Nigel Farage: Same-sex marriage debates were ‘not particularly needed’
The leader of the UKIP Nigel Farage, has said he thought the debate which led to same-sex marriage becoming legal in England and Wales was “not particularly needed”.
Noting that leading gay rights charity Stonewall did not initially come out in support of same-sex marriage, Farage spoke to Nick Ferrari on LBC to say the debate was “an argument and a fight that wasn’t particularly needed.”
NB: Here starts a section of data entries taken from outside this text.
lemma colorable_card:
  assumes "finite W" and "\<forall>x\<in>W. \<not> A x x"
  shows "colorable W A (card W)"
proof -
  obtain h where h: "bij_betw h W {0..<card W}"
    using ex_bij_betw_finite_nat[OF assms(1)] by blast
  then have "\<forall>x\<in>W. \<forall>y\<in>W. A x y \<longrightarrow> h x \<noteq> h y"
    using assms(2) by (metis bij_betw_inv_into_left)
  moreover have "\<forall>x\<in>W. h x < card W"
    using h by (auto simp: bij_betw_def)
  ultimately show ?thesis
    unfolding colorable_def by blast
qed

lemma colorable_chromatic_number:
  assumes "finite W" and "\<forall>x\<in>W. \<not> A x x"
  shows "colorable W A (chromatic_number W A)"
  using colorable_card[of W A, OF assms] unfolding chromatic_number_def colorable_def by (rule LeastI)

lemma three_le_if_rotation_pentagon:
  assumes "colorable {t. search_tree E S t} (rot_adj E) k" and "rotation_pentagon E S"
  shows "3 \<le> k"
proof -
  obtain f where f: "\<forall>t. search_tree E S t \<longrightarrow> f t < k"
    "\<forall>t t'. search_tree E S t \<longrightarrow> search_tree E S t' \<longrightarrow> rot_adj E t t' \<longrightarrow> f t \<noteq> f t'"
    using assms(1) unfolding colorable_def by auto
  obtain t0 t1 t2 t3 t4 where trees: "\<forall>t\<in>{t0, t1, t2, t3, t4}. search_tree E S t"
    and adj: "rot_adj E t0 t1" "rot_adj E t1 t2" "rot_adj E t2 t3" "rot_adj E t3 t4" "rot_adj E t4 t0"
    using assms(2) unfolding rotation_pentagon_def by blast
  have "f t0 \<noteq> f t1" "f t1 \<noteq> f t2" "f t2 \<noteq> f t3" "f t3 \<noteq> f t4" "f t4 \<noteq> f t0"
    using f(2) trees adj by auto
  moreover have "f t0 < k" "f t1 < k" "f t2 < k" "f t3 < k" "f t4 < k"
    using f(1) trees by auto
  ultimately show ?thesis
    by linarith
qed

lemma colorable_hom:
  assumes "colorable W' A' k" and "\<And>a. a \<in> W \<Longrightarrow> h a \<in> W'"
    and "\<And>a b. a \<in> W \<Longrightarrow> b \<in> W \<Longrightarrow> A a b \<Longrightarrow> A' (h a) (h b)"
  shows "colorable W A k"
proof -
  obtain f where "\<forall>y\<in>W'. f y < k" "\<forall>y\<in>W'. \<forall>z\<in>W'. A' y z \<longrightarrow> f y \<noteq> (f z :: nat)"
    using assms(1) unfolding colorable_def by blast
  then have "(\<forall>a\<in>W. (f \<circ> h) a < k) \<and> (\<forall>a\<in>W. \<forall>b\<in>W. A a b \<longrightarrow> (f \<circ> h) a \<noteq> (f \<circ> h) b)"
    using assms(2,3) by auto
  then show ?thesis
    unfolding colorable_def by blast
qed

lemma rot_adj_irrefl:
  assumes "acyclic (parent_rel t)"
  shows "\<not> rot_adj E t t"
proof
  assume "rot_adj E t t"
  then obtain u v where vu: "t v = Some u" and "t = rotate E t u v"
    unfolding rot_adj_def by blast
  then have "t u = Some v"
    by (metis rotate_def)
  then have "u \<in> subtree t v"
    by (rule subtree_child)
  then show False
    using parent_not_in_subtree[OF assms vu] subtree_antisym[OF assms _ subtree_child[of t v u, OF vu]]
    by auto
qed

lemma colorable_chi_rotation_graph:
  assumes "finite S" and "symp E"
  shows "colorable {t. search_tree E S t} (rot_adj E) (chi_rotation_graph S E)"
  unfolding chi_rotation_graph_def
  using colorable_chromatic_number[OF finite_search_trees[OF assms(1)]]
    rot_adj_irrefl[OF acyclic_parent_rel[OF _ assms(2)]] by blast

lemma mod_add_right_neq:
  fixes a b c m :: nat
  assumes "a < m" and "b < m" and "a \<noteq> b"
  shows "(a + c) mod m \<noteq> (b + c) mod m"
proof
  assume "(a + c) mod m = (b + c) mod m"
  then have "a mod m = b mod m"
    by (simp add: nat_mod_eq_iff)
  then show False
    using assms by simp
qed

lemma label_parity_neq: "Suc (n mod 2) \<noteq> (if b then Suc (Suc n mod 2) else 0)"
  by (cases b) presburger+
He said: “This whole question of gay marriage – what I’ve said about it is firstly it wasn’t in the manifesto, secondly it was an argument and a fight that wasn’t particularly needed – even Stonewall weren’t campaigning for gay marriage. Thirdly – my big concern is that I do think – when we talk about minority groups and their rights, we have to respect all minority groups and their rights.
“My big fear is all the while We are under the European Court of Human Rights we face a very real risk that as registry offices conduct gay marriages, and churches don’t – there is a clear argument in Strasbourg that there is state discrimination. I think if the churches and the faith communities were forced to perform gay marriages against their will – that would be wrong.
He continued: “Once we are free of the EU, and we are free of the European Court of Human Rights, and we have our own laws, and own Supreme Court, that worry would disappear.”
In an apparent UKIP breakdown in internal communication in March, PinkNews received and answers to a readers’ Q&A confirmed by an official spokesman to have been approved by Nigel Farage which stated that the party was reviewing all of its policies including its previously stated opposition to same-sex marriage.